I have a laptop with an OS X system which can access the internet, and a Linux server which can not access internet for some security reason.
I want to build a Rust project with some dependency on the Linux server. Because the Linux server can not access internet, I run the cargo build
command on the OSX laptop and download the dependency source file to the .cargo
directory and then copy these files to the Linux server and put them into /root/.cargo
directory.
I made the file structures the same, but when I run cargo build
on the Linux server, it still tries to connect to this website and the build fails. The cargo build
command always tries to connect internet although the dep source files are already in the .cargo
directory.
How can I build a Rust project with dependencies in an offline environment? Why does copying the source file of the dependencies not work?
Good News! As of Rust 1.37, you can use Cargo's own vendor
command to download and bundle your crate's dependencies in the crate itself:
First, run cargo vendor
. This will setup a new directory named vendor
in the root of your crate. It will then download dependencies from crates.io and git, and store them in this new directory.
When cargo vendor
is done downloading all the required dependencies, it will print a set of instructions that you'll need to follow. At the time of this writing, you only need to copy a few lines to .cargo/config.toml
. Note that config.toml
is relative to the root of your crate and is not the one in your home directory.
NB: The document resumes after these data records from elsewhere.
lemma inner_residual_power2_le:
  assumes "V \<subseteq> span W" and "u \<in> span W"
  shows "((a - proj_span V a) \<bullet> u)\<^sup>2
           \<le> ((norm (proj_span W a))\<^sup>2 - (norm (proj_span V a))\<^sup>2) * (norm u)\<^sup>2"
proof -
  let ?v = "proj_span V a" and ?w = "proj_span W a"
  have "(a - ?w) \<bullet> u = 0" using proj_span_orthogonal[OF assms(2)] .
  then have "(a - ?v) \<bullet> u = (?w - ?v) \<bullet> u" by (simp add: inner_diff_left)
  moreover have "((?w - ?v) \<bullet> u)\<^sup>2 \<le> (norm (?w - ?v))\<^sup>2 * (norm u)\<^sup>2"
    using Cauchy_Schwarz_ineq[of "?w - ?v" u] by (simp add: power2_norm_eq_inner)
  ultimately show ?thesis using norm_proj_span_pythagoras[OF assms(1), of a] by simp
qed

lemma fM_nonneg: "0 \<le> fM A V"
  by (simp add: fM_def sum_nonneg)

lemma fM_empty: "fM A (cols B {}) = 0"
  using proj_span_in_span[of "cols B {}"] by (simp add: fM_def cols_def)

lemma fM_mono:
  assumes "V \<subseteq> span W"
  shows "fM A V \<le> fM A W"
  unfolding fM_def by (intro sum_mono) (subst norm_proj_span_pythagoras[OF assms], simp)

lemma cols_subset_span_cols:
  assumes "S \<subseteq> S'"
  shows "cols B S \<subseteq> span (cols B S')"
proof -
  have "cols B S \<subseteq> cols B S'" using assms unfolding cols_def by (rule image_mono)
  then show ?thesis using span_superset by (rule order_trans)
qed

definition unit_column :: "real^'n^'m \<Rightarrow> 'n \<Rightarrow> real^'m" where
  "unit_column B x = (1 / norm (column x B)) *\<^sub>R column x B"

lemma norm_unit_column: "column x B \<noteq> 0 \<Longrightarrow> norm (unit_column B x) = 1"
  by (simp add: unit_column_def)

lemma unit_column_in_span_cols:
  assumes "x \<in> S"
  shows "unit_column B x \<in> span (cols B S)"
proof -
  have "column x B \<in> cols B S" using assms by (simp add: cols_def)
  then show ?thesis unfolding unit_column_def by (rule span_mul[OF span_base])
qed

lemma fM_insert_gain:
  assumes "column x B \<noteq> 0"
  shows "(\<Sum>j\<in>UNIV. ((column j A - proj_span (cols B S) (column j A)) \<bullet> unit_column B x)\<^sup>2)
           \<le> fM A (cols B (insert x S)) - fM A (cols B S)"
proof -
  have S: "cols B S \<subseteq> span (cols B (insert x S))" by (rule cols_subset_span_cols) auto
  have x: "unit_column B x \<in> span (cols B (insert x S))"
    by (rule unit_column_in_span_cols) simp
  show ?thesis
    unfolding fM_def sum_subtractf[symmetric]
    by (rule sum_mono) (use inner_residual_power2_le[OF S x] norm_unit_column[OF assms] in simp)
qed

lemma span_cols_eq_unit_combination:
  assumes "\<forall>j. column j B \<noteq> 0" and "w \<in> span (cols B S)"
  shows "\<exists>c. w = (\<Sum>x\<in>S. c x *\<^sub>R unit_column B x)"
  using assms(2)
proof (induction rule: span_induct_alt)
  case base
  show ?case by (rule exI[of _ "\<lambda>_. 0"]) simp
next
  case (step a v y)
  then obtain c where c: "y = (\<Sum>x\<in>S. c x *\<^sub>R unit_column B x)" by blast
  from step(1) obtain z where z: "z \<in> S" "v = column z B" unfolding cols_def by blast
  have v: "v = norm v *\<^sub>R unit_column B z"
    using z assms(1) by (simp add: unit_column_def)
  define c' where "c' x = c x + (if x = z then a * norm v else 0)" for x
  have "(\<Sum>x\<in>S. c' x *\<^sub>R unit_column B x) = y + (a * norm v) *\<^sub>R unit_column B z"
    using z(1)
    by (simp add: c'_def c scaleR_add_left sum.distrib if_distrib[of "\<lambda>s. s *\<^sub>R _"] cong: if_cong)
  also have "\<dots> = a *\<^sub>R v + y" by (subst (2) v) simp
  finally show ?case by (intro exI[of _ c']) simp
qed

lemma sigma_min_le_combination:
  assumes "S \<subseteq> OPT" and "w = (\<Sum>x\<in>S. c x *\<^sub>R unit_column B x)"
  shows "sigma_min B OPT * (\<Sum>x\<in>S. (c x)\<^sup>2) \<le> (norm w)\<^sup>2"
proof (cases "(\<Sum>x\<in>S. (c x)\<^sup>2) = 0")
  case False
  define s where "s = (\<Sum>x\<in>S. (c x)\<^sup>2)"
  have s: "s > 0" using False unfolding s_def by (simp add: sum_nonneg order.not_eq_order_implies_strict)
  define d where "d y = (if y \<in> S then c y / sqrt s else 0)" for y
  have "(\<Sum>y\<in>OPT. (d y)\<^sup>2) = (\<Sum>y\<in>S. (c y)\<^sup>2 / s)"
    using assms(1) s
    by (auto simp: d_def power_divide intro!: sum.mono_neutral_cong_right)
  also have "\<dots> = 1" using s unfolding s_def by (simp add: sum_divide_distrib[symmetric])
  finally have d_unit: "(\<Sum>y\<in>OPT. (d y)\<^sup>2) = 1" .
  have "(\<Sum>y\<in>OPT. d y *\<^sub>R unit_column B y) = (\<Sum>y\<in>S. (1 / sqrt s) *\<^sub>R (c y *\<^sub>R unit_column B y))"
    using assms(1) by (auto simp: d_def intro!: sum.mono_neutral_cong_right)
  also have "\<dots> = (1 / sqrt s) *\<^sub>R w" using assms(2) by (simp add: scaleR_sum_right)
  finally have "(norm w)\<^sup>2 / s
      \<in> {(norm (\<Sum>j\<in>OPT. c j *\<^sub>R ((1 / norm (column j B)) *\<^sub>R column j B)))\<^sup>2
           | c. (\<Sum>j\<in>OPT. (c j)\<^sup>2) = 1}"
    using s d_unit unfolding unit_column_def by (auto simp: power_divide intro!: exI[of _ d])
  then have "sigma_min B OPT \<le> (norm w)\<^sup>2 / s"
    unfolding sigma_min_def by (rule cInf_lower) (auto intro: bdd_belowI[of _ 0])
  then show ?thesis using s unfolding s_def by (simp add: pos_le_divide_eq)
qed simp

lemma sigma_min_inner_bound:
  assumes "\<forall>j. column j B \<noteq> 0" and "0 \<le> sigma_min B OPT"
    and "S \<subseteq> OPT" and "w \<in> span (cols B S)"
  shows "sigma_min B OPT * (norm w)\<^sup>2 \<le> (\<Sum>x\<in>S. (w \<bullet> unit_column B x)\<^sup>2)"
proof (cases "w = 0")
  case False
  obtain c where c: "w = (\<Sum>x\<in>S. c x *\<^sub>R unit_column B x)"
    using span_cols_eq_unit_combination[OF assms(1,4)] by blast
  define s where "s = (\<Sum>x\<in>S. (c x)\<^sup>2)"
  define Q where "Q = (\<Sum>x\<in>S. (w \<bullet> unit_column B x)\<^sup>2)"
  have "(norm w)\<^sup>2 = w \<bullet> (\<Sum>x\<in>S. c x *\<^sub>R unit_column B x)"
    unfolding power2_norm_eq_inner by (rule arg_cong[where f="inner w", OF c])
  also have "\<dots> = (\<Sum>x\<in>S. c x * (w \<bullet> unit_column B x))" by (simp add: inner_sum_right)
  finally have "(norm w)\<^sup>2 * (norm w)\<^sup>2 \<le> s * Q"
    unfolding s_def Q_def using Cauchy_Schwarz_ineq_sum by (metis power2_eq_square)
  then have "sigma_min B OPT * (norm w)\<^sup>2 * (norm w)\<^sup>2 \<le> (sigma_min B OPT * s) * Q"
    using assms(2) by (simp add: mult_left_mono mult.assoc)
  also have "\<dots> \<le> (norm w)\<^sup>2 * Q"
    using sigma_min_le_combination[OF assms(3) c] unfolding s_def Q_def
    by (intro mult_right_mono) (simp_all add: sum_nonneg)
  finally show ?thesis using False unfolding Q_def by (simp add: mult.commute)
qed simp

lemma power2_add_le_weighted:
  fixes a b :: real
  shows "(a + b)\<^sup>2 \<le> 4 * a\<^sup>2 + 4/3 * b\<^sup>2"
proof -
  have "0 \<le> (3 * a - b)\<^sup>2" by simp
  then show ?thesis by (simp add: power2_eq_square algebra_simps)
qed

lemma norm_proj_span_power2_le_residual:
  "(norm (proj_span W a))\<^sup>2
     \<le> 4 * (norm (proj_span W (a - proj_span V a)))\<^sup>2 + 4/3 * (norm (proj_span V a))\<^sup>2"
proof -
  let ?r = "proj_span W (a - proj_span V a)" and ?q = "proj_span W (proj_span V a)"
  have "norm (proj_span W a) \<le> norm ?r + norm ?q"
    using norm_triangle_ineq[of ?r ?q] by (simp add: proj_span_diff)
  also have "\<dots> \<le> norm ?r + norm (proj_span V a)"
    using norm_proj_span_le by (rule add_left_mono)
  finally have "(norm (proj_span W a))\<^sup>2 \<le> (norm ?r + norm (proj_span V a))\<^sup>2"
    by (simp add: power_mono)
  then show ?thesis using power2_add_le_weighted order_trans by blast
qed

lemma residual_correlation_lower_bound:
  assumes "\<forall>j. column j B \<noteq> 0" and "0 \<le> sigma_min B OPT" and "P \<subseteq> OPT"
    and "fM A (cols B S) \<le> fM A (cols B P) / 2"
  shows "sigma_min B OPT * fM A (cols B P) / 12
           \<le> (\<Sum>x\<in>P. \<Sum>j\<in>UNIV. ((column j A - proj_span (cols B S) (column j A)) \<bullet> unit_column B x)\<^sup>2)"
proof -
  define r where "r j = column j A - proj_span (cols B S) (column j A)" for j
  define w where "w j = proj_span (cols B P) (r j)" for j
  have correlation: "sigma_min B OPT * (norm (w j))\<^sup>2 \<le> (\<Sum>x\<in>P. (r j \<bullet> unit_column B x)\<^sup>2)" for j
  proof -
    have "w j \<bullet> unit_column B x = r j \<bullet> unit_column B x" if "x \<in> P" for x
      using proj_span_orthogonal[OF unit_column_in_span_cols[OF that, of B], of "r j"]
      unfolding w_def by (simp add: inner_diff_left)
    then show ?thesis
      using sigma_min_inner_bound[OF assms(1-3) proj_span_in_span, of "r j"]
      unfolding w_def by simp
  qed
  have "fM A (cols B P)
      \<le> (\<Sum>j\<in>UNIV. 4 * (norm (w j))\<^sup>2 + 4/3 * (norm (proj_span (cols B S) (column j A)))\<^sup>2)"
    unfolding fM_def w_def r_def by (rule sum_mono) (rule norm_proj_span_power2_le_residual)
  also have "\<dots> = 4 * (\<Sum>j\<in>UNIV. (norm (w j))\<^sup>2) + 4/3 * fM A (cols B S)"
    unfolding fM_def by (simp add: sum.distrib sum_distrib_left)
  finally have "fM A (cols B P) / 12 \<le> (\<Sum>j\<in>UNIV. (norm (w j))\<^sup>2)"
    using assms(4) by linarith
  then have "sigma_min B OPT * fM A (cols B P) / 12
      \<le> (\<Sum>j\<in>UNIV. sigma_min B OPT * (norm (w j))\<^sup>2)"
    using mult_left_mono[OF _ assms(2)] by (fastforce simp: sum_distrib_left[symmetric])
  also have "\<dots> \<le> (\<Sum>j\<in>UNIV. \<Sum>x\<in>P. (r j \<bullet> unit_column B x)\<^sup>2)"
    by (rule sum_mono) (rule correlation)
  finally show ?thesis unfolding r_def by (subst (asm) sum.swap)
qed

lemma arg_min_on_subset:
  fixes f :: "'a \<Rightarrow> 'b::linorder"
  assumes "inj_on f M'" and "finite M'" and "M \<subseteq> M'" and "arg_min_on f M' \<in> M"
  shows "arg_min_on f M = arg_min_on f M'"
proof -
  have "M \<noteq> {}" "M' \<noteq> {}" "finite M" using assms(2-4) finite_subset by auto
  then have "arg_min_on f M \<in> M'" using assms(3) arg_min_if_finite(1) by blast
  then have "f (arg_min_on f M) = f (arg_min_on f M')"
    using arg_min_least[OF \<open>finite M\<close> \<open>M \<noteq> {}\<close> assms(4), where f=f]
      arg_min_least[OF assms(2) \<open>M' \<noteq> {}\<close>, where f=f] by (simp add: order.antisym)
  then show ?thesis
    using inj_onD[OF assms(1)] \<open>arg_min_on f M \<in> M'\<close> assms(3,4) by blast
qed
Once you're done, your crate will be completely self-contained as far as dependencies are concerned. You can couple this approach with Rust's offline installers to build Rust programs completely offline.
For Rust 1.37+ see: https://stackoverflow.com/a/65254702/147192
The short answer is: up to 1.37 (excluded), it's complicated.
The long answer is that cargo
will attempt to connect to github
in order to check the index of the crates that the Cargo.toml
file references.
I recommend you to check the cargo-vendor prototype to solve this issue (by aturon, a member of the Rust tooling subteam), and otherwise you could look at how some people created a mirror for crates.io in order to avoid the dependency on Internet.
There is a demand for Rust builds not to require Internet, and people working on it, however there is no blessed solution for now.